# HOW TO COMPLETE THIS TASK
From the entries below, output the line with "using assms(1)" and each following line up to and including the line with "of \<zeta>] by simp", exactly as written.
==== DATA UNDER STUDY
(* For $G,H,H'\in\mathfrak{D}$ and $\xi\in\mathcal{H}(G,H)$, let $$\Theta_{G,H'}(\xi)=\{\zeta\in\mathcal{H}(G,H'):\mathcal{G}(\zeta)=\mathcal{G}(\xi)\}.$$ Let $R,S\in\mathfrak{D}$ and $\mathfrak{D}'\subseteq\mathfrak{D}$. Then $R\sqsubseteq_\Gamma S$ with respect to $\mathfrak{D}'$ holds if and only if $$\#\Theta_{G,R}(\xi)\le\#\Theta_{G,S}(\xi)\quad\text{for all } G\in\mathfrak{D}' \text{ and all } \xi\in\mathcal{H}(G,R).$$
   Context: **Digraphs and homomorphisms.** - A digraph $G$ is a pair $(V(G),A(G))$, where $V(G)$ is a finite non-empty set and $A(G)\subseteq V(G)\times V(G)$. Arcs are written $vw$. - A homomorphism $\xi:G\to H$ is a map $V(G)\to V(H)$ with $\xi(v)\xi(w)\in A(H)$ for all $vw\in A(G)$. $\mathcal{H}(G,H)$ is the set of homomorphisms. - $\mathfrak{D}$ is the class of all digraphs. **Connectivity.** - Two vertices $u,w$ are adjacent if $uw\in A(G)$ or $wu\in A(G)$. - For $X\subseteq V(G)$ and $v,w\in X$, the vertices $v$ and $w$ are connected in $X$ if $v=w$, or if there are $z_0=v,\dots,z_I=w$ in $X$ with consecutive terms adjacent. - $\gamma_X(v)$ is the set of $w\in X$ connected to $v$ in $X$. - $\Gamma_\xi(v):=\gamma_{\xi^{-1}(\xi(v))}(v)$. **The quotient digraph.** For $\xi\in\mathcal{H}(G,H)$, $\mathcal{G}(\xi)$ is the digraph with: - vertex set $\{\Gamma_\xi(v):v\in V(G)\}$, a partition of $V(G)$; - arcs $\mathfrak{a}\mathfrak{b}$ whenever there are $a\in\mathfrak{a}$, $b\in\mathfrak{b}$ with $ab\in A(G)$. **Schemes.** - For a class $\mathfrak{D}'$, let $\mathfrak{D}'_r$ be a fixed system of representatives up to isomorphism. - A Hom-scheme from $R$ to $S$ with respect to $\mathfrak{D}'$ is a family of maps $\rho_G:\mathcal{H}(G,R)\to\mathcal{H}(G,S)$, $G\in\mathfrak{D}'_r$. - It is strong if all $\rho_G$ are injective. - It is a $\Gamma$-scheme if $\Gamma_{\rho_G(\xi)}(v)=\Gamma_\xi(v)$ for all $G\in\mathfrak{D}'_r$, $\xi\in\mathcal{H}(G,R)$ and $v\in V(G)$. - $R\sqsubseteq_\Gamma S$ with respect to $\mathfrak{D}'$ means that a strong $\Gamma$-scheme exists. *)

theory Defs
  imports "HOL-Library.FuncSet"
begin

type_synonym 'a digraph = "'a set \<times> ('a \<times> 'a) set"

definition verts :: "'a digraph \<Rightarrow> 'a set" where "verts G = fst G"
definition arcs :: "'a digraph \<Rightarrow> ('a \<times> 'a) set" where "arcs G = snd G"

definition is_digraph :: "'a digraph \<Rightarrow> bool" where
  "is_digraph G \<longleftrightarrow> finite (verts G) \<and> verts G \<noteq> {} \<and> arcs G \<subseteq> verts G \<times> verts G"

definition homs :: "'a digraph \<Rightarrow> 'b digraph \<Rightarrow> ('a \<Rightarrow> 'b) set" where
  "homs G H = {\<xi> \<in> verts G \<rightarrow>\<^sub>E verts H. \<forall>(v,w) \<in> arcs G. (\<xi> v, \<xi> w) \<in> arcs H}"

definition isomorphic :: "'a digraph \<Rightarrow> 'a digraph \<Rightarrow> bool" where
  "isomorphic G H \<longleftrightarrow> (\<exists>f. bij_betw f (verts G) (verts H) \<and>
     (\<forall>u\<in>verts G. \<forall>v\<in>verts G. (u,v) \<in> arcs G \<longleftrightarrow> (f u, f v) \<in> arcs H))"

definition adj_in :: "'a digraph \<Rightarrow> 'a set \<Rightarrow> ('a \<times> 'a) set" where
  "adj_in G X = {(u,w). u \<in> X \<and> w \<in> X \<and> ((u,w) \<in> arcs G \<or> (w,u) \<in> arcs G)}"

definition connected_in :: "'a digraph \<Rightarrow> 'a set \<Rightarrow> 'a \<Rightarrow> 'a \<Rightarrow> bool" where
  "connected_in G X v w \<longleftrightarrow> v \<in> X \<and> w \<in> X \<and> (v = w \<or> (v,w) \<in> (adj_in G X)\<^sup>+)"

definition gamma :: "'a digraph \<Rightarrow> 'a set \<Rightarrow> 'a \<Rightarrow> 'a set" where
  "gamma G X v = {w \<in> X. connected_in G X v w}"

definition Gamma :: "'a digraph \<Rightarrow> ('a \<Rightarrow> 'b) \<Rightarrow> 'a \<Rightarrow> 'a set" where
  "Gamma G \<xi> v = gamma G {u \<in> verts G. \<xi> u = \<xi> v} v"

definition quot :: "'a digraph \<Rightarrow> ('a \<Rightarrow> 'b) \<Rightarrow> 'a set digraph" where
  "quot G \<xi> = (let Q = {Gamma G \<xi> v | v. v \<in> verts G} in
     (Q, {(a,b). a \<in> Q \<and> b \<in> Q \<and> (\<exists>x\<in>a. \<exists>y\<in>b. (x,y) \<in> arcs G)}))"

definition Theta :: "'a digraph \<Rightarrow> 'c digraph \<Rightarrow> ('a \<Rightarrow> 'b) \<Rightarrow> ('a \<Rightarrow> 'c) set" where
  "Theta G H' \<xi> = {\<zeta> \<in> homs G H'. quot G \<zeta> = quot G \<xi>}"

definition system_of_reps :: "'a digraph set \<Rightarrow> 'a digraph set \<Rightarrow> bool" where
  "system_of_reps D Dr \<longleftrightarrow> Dr \<subseteq> D \<and> (\<forall>G\<in>D. \<exists>!H. H \<in> Dr \<and> isomorphic G H)"

definition hom_scheme :: "'a digraph set \<Rightarrow> 'b digraph \<Rightarrow> 'c digraph
     \<Rightarrow> ('a digraph \<Rightarrow> ('a \<Rightarrow> 'b) \<Rightarrow> ('a \<Rightarrow> 'c)) \<Rightarrow> bool" where
  "hom_scheme Dr R S \<rho> \<longleftrightarrow> (\<forall>G\<in>Dr. \<forall>\<xi>\<in>homs G R. \<rho> G \<xi> \<in> homs G S)"

definition strong_scheme :: "'a digraph set \<Rightarrow> 'b digraph \<Rightarrow> 'c digraph
     \<Rightarrow> ('a digraph \<Rightarrow> ('a \<Rightarrow> 'b) \<Rightarrow> ('a \<Rightarrow> 'c)) \<Rightarrow> bool" where
  "strong_scheme Dr R S \<rho> \<longleftrightarrow> (\<forall>G\<in>Dr. inj_on (\<rho> G) (homs G R))"

definition Gamma_scheme :: "'a digraph set \<Rightarrow> 'b digraph \<Rightarrow> 'c digraph
     \<Rightarrow> ('a digraph \<Rightarrow> ('a \<Rightarrow> 'b) \<Rightarrow> ('a \<Rightarrow> 'c)) \<Rightarrow> bool" where
  "Gamma_scheme Dr R S \<rho> \<longleftrightarrow>
     (\<forall>G\<in>Dr. \<forall>\<xi>\<in>homs G R. \<forall>v\<in>verts G. Gamma G (\<rho> G \<xi>) v = Gamma G \<xi> v)"

text \<open>R \<sqsubseteq>_\<Gamma> S w.r.t. the class with representative system Dr.\<close>
definition Gamma_leq :: "'a digraph set \<Rightarrow> 'b digraph \<Rightarrow> 'c digraph \<Rightarrow> bool" where
  "Gamma_leq Dr R S \<longleftrightarrow> (\<exists>\<rho>. hom_scheme Dr R S \<rho> \<and> strong_scheme Dr R S \<rho> \<and> Gamma_scheme Dr R S \<rho>)"

end

theory Submission
  imports Defs
begin

text \<open>
  A \<open>\<Gamma>\<close>-scheme leaves every \<open>\<Gamma>\<^sub>\<xi>(v)\<close>, hence the quotient \<open>\<G>(\<xi>)\<close>, unchanged, so a strong
  \<open>\<Gamma>\<close>-scheme restricts to injections \<open>\<Theta>\<^sub>G\<^sub>,\<^sub>R(\<xi>) \<rightarrow> \<Theta>\<^sub>G\<^sub>,\<^sub>S(\<xi>)\<close>. Conversely, the sets
  \<open>\<Theta>\<^sub>G\<^sub>,\<^sub>R(\<xi>)\<close> are the fibres of \<open>\<xi> \<mapsto> \<G>(\<xi>)\<close> on \<open>\<H>(G,R)\<close>, and injections between
  corresponding fibres glue to a strong \<open>\<Gamma>\<close>-scheme. Schemes only see the representatives,
  while the counting condition ranges over all of \<open>\<D>'\<close>; the two agree because pulling
  homomorphisms back along an isomorphism \<open>G \<cong> H\<close> is a bijection between the respective
  sets \<open>\<Theta>\<close>.
\<close>

lemma trancl_map:
  assumes "(x, y) \<in> r\<^sup>+" and "\<And>a b. (a, b) \<in> r \<Longrightarrow> (f a, f b) \<in> s"
  shows "(f x, f y) \<in> s\<^sup>+"
  using assms(1)
proof (induction rule: trancl_induct)
  case (base y)
  then show ?case using assms(2) by blast
next
  case (step y z)
  then show ?case using assms(2) by (meson trancl.trancl_into_trancl)
qed

subsection \<open>The blocks \<open>\<Gamma>\<^sub>\<xi>(v)\<close>\<close>

lemma connected_in_sym: "connected_in G X v w \<Longrightarrow> connected_in G X w v"
proof -
  have "sym (adj_in G X)" unfolding adj_in_def by (auto intro: symI)
  then have "sym ((adj_in G X)\<^sup>+)" by (rule sym_trancl)
  then show "connected_in G X v w \<Longrightarrow> connected_in G X w v"
    unfolding connected_in_def by (auto dest: symD)
qed

lemma connected_in_trans:
  "connected_in G X u v \<Longrightarrow> connected_in G X v w \<Longrightarrow> connected_in G X u w"
  unfolding connected_in_def by (metis trancl_trans)

lemma Gamma_self: "v \<in> verts G \<Longrightarrow> v \<in> Gamma G \<xi> v"
  unfolding Gamma_def gamma_def connected_in_def by auto

lemma Gamma_subset_verts: "Gamma G \<xi> v \<subseteq> verts G"
  unfolding Gamma_def gamma_def by auto

lemma Gamma_eq_if_mem:
  assumes "w \<in> Gamma G \<xi> u"
  shows "Gamma G \<xi> w = Gamma G \<xi> u"
proof -
  define X where "X = {x \<in> verts G. \<xi> x = \<xi> u}"
  have "\<xi> w = \<xi> u" and uw: "connected_in G X u w"
    using assms unfolding Gamma_def gamma_def X_def by auto
  then have "{x \<in> verts G. \<xi> x = \<xi> w} = X" unfolding X_def by auto
  moreover have "connected_in G X w x \<longleftrightarrow> connected_in G X u x" for x
    using connected_in_trans[OF uw] connected_in_trans[OF connected_in_sym[OF uw]] by blast
  ultimately show ?thesis unfolding Gamma_def gamma_def X_def by simp
qed

lemma quot_eq_iff:
  "quot G \<zeta> = quot G \<xi> \<longleftrightarrow> (\<forall>v\<in>verts G. Gamma G \<zeta> v = Gamma G \<xi> v)"
proof
  assume "quot G \<zeta> = quot G \<xi>"
  then have blocks: "Gamma G \<zeta> ` verts G = Gamma G \<xi> ` verts G"
    unfolding quot_def Setcompr_eq_image Let_def by (simp add: prod_eq_iff)
  show "\<forall>v\<in>verts G. Gamma G \<zeta> v = Gamma G \<xi> v"
  proof
    fix v assume v: "v \<in> verts G"
    then have "Gamma G \<zeta> v \<in> Gamma G \<xi> ` verts G" using blocks by blast
    then obtain u where u: "Gamma G \<zeta> v = Gamma G \<xi> u" by blast
    then have "v \<in> Gamma G \<xi> u" using Gamma_self[OF v, of \<zeta>] by simp
    then show "Gamma G \<zeta> v = Gamma G \<xi> v" using u by (simp add: Gamma_eq_if_mem)
  qed
next
  assume "\<forall>v\<in>verts G. Gamma G \<zeta> v = Gamma G \<xi> v"
  then have "Gamma G \<zeta> ` verts G = Gamma G \<xi> ` verts G" by (intro image_cong) auto
  then show "quot G \<zeta> = quot G \<xi>" unfolding quot_def Setcompr_eq_image Let_def by simp
qed

lemma Gamma_image_subset:
  assumes maps: "f ` verts G \<subseteq> verts H"
    and arcs: "\<And>u w. (u, w) \<in> arcs G \<Longrightarrow> (f u, f w) \<in> arcs H"
    and compat: "\<And>u. u \<in> verts G \<Longrightarrow> \<theta> u = \<eta> (f u)"
    and v: "v \<in> verts G"
  shows "f ` Gamma G \<theta> v \<subseteq> Gamma H \<eta> (f v)"
proof
  define X where "X = {u \<in> verts G. \<theta> u = \<theta> v}"
  define Y where "Y = {y \<in> verts H. \<eta> y = \<eta> (f v)}"
  have XY: "f x \<in> Y" if "x \<in> X" for x
    using that maps compat v unfolding X_def Y_def by auto
  have adj: "(f a, f b) \<in> adj_in H Y" if "(a, b) \<in> adj_in G X" for a b
    using that XY arcs unfolding adj_in_def by auto
  fix y assume "y \<in> f ` Gamma G \<theta> v"
  then obtain w where y: "y = f w" and "w \<in> X" and "connected_in G X v w"
    unfolding Gamma_def gamma_def X_def by blast
  then have "connected_in H Y (f v) (f w)"
    using XY v trancl_map[of v w "adj_in G X" f, OF _ adj] unfolding connected_in_def X_def
    by auto
  then show "y \<in> Gamma H \<eta> (f v)" unfolding Gamma_def gamma_def Y_def y connected_in_def
    by auto
qed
========
# RESPONSE BELOW
  using assms(1)
proof (induction rule: trancl_induct)
  case (base y)
  then show ?case using assms(2) by blast
next
  case (step y z)
  then show ?case using assms(2) by (meson trancl.trancl_into_trancl)
qed

subsection \<open>The blocks \<open>\<Gamma>\<^sub>\<xi>(v)\<close>\<close>

lemma connected_in_sym: "connected_in G X v w \<Longrightarrow> connected_in G X w v"
proof -
  have "sym (adj_in G X)" unfolding adj_in_def by (auto intro: symI)
  then have "sym ((adj_in G X)\<^sup>+)" by (rule sym_trancl)
  then show "connected_in G X v w \<Longrightarrow> connected_in G X w v"
    unfolding connected_in_def by (auto dest: symD)
qed

lemma connected_in_trans:
  "connected_in G X u v \<Longrightarrow> connected_in G X v w \<Longrightarrow> connected_in G X u w"
  unfolding connected_in_def by (metis trancl_trans)

lemma Gamma_self: "v \<in> verts G \<Longrightarrow> v \<in> Gamma G \<xi> v"
  unfolding Gamma_def gamma_def connected_in_def by auto

lemma Gamma_subset_verts: "Gamma G \<xi> v \<subseteq> verts G"
  unfolding Gamma_def gamma_def by auto

lemma Gamma_eq_if_mem:
  assumes "w \<in> Gamma G \<xi> u"
  shows "Gamma G \<xi> w = Gamma G \<xi> u"
proof -
  define X where "X = {x \<in> verts G. \<xi> x = \<xi> u}"
  have "\<xi> w = \<xi> u" and uw: "connected_in G X u w"
    using assms unfolding Gamma_def gamma_def X_def by auto
  then have "{x \<in> verts G. \<xi> x = \<xi> w} = X" unfolding X_def by auto
  moreover have "connected_in G X w x \<longleftrightarrow> connected_in G X u x" for x
    using connected_in_trans[OF uw] connected_in_trans[OF connected_in_sym[OF uw]] by blast
  ultimately show ?thesis unfolding Gamma_def gamma_def X_def by simp
qed

lemma quot_eq_iff:
  "quot G \<zeta> = quot G \<xi> \<longleftrightarrow> (\<forall>v\<in>verts G. Gamma G \<zeta> v = Gamma G \<xi> v)"
proof
  assume "quot G \<zeta> = quot G \<xi>"
  then have blocks: "Gamma G \<zeta> ` verts G = Gamma G \<xi> ` verts G"
    unfolding quot_def Setcompr_eq_image Let_def by (simp add: prod_eq_iff)
  show "\<forall>v\<in>verts G. Gamma G \<zeta> v = Gamma G \<xi> v"
  proof
    fix v assume v: "v \<in> verts G"
    then have "Gamma G \<zeta> v \<in> Gamma G \<xi> ` verts G" using blocks by blast
    then obtain u where u: "Gamma G \<zeta> v = Gamma G \<xi> u" by blast
    then have "v \<in> Gamma G \<xi> u" using Gamma_self[OF v, of \<zeta>] by simp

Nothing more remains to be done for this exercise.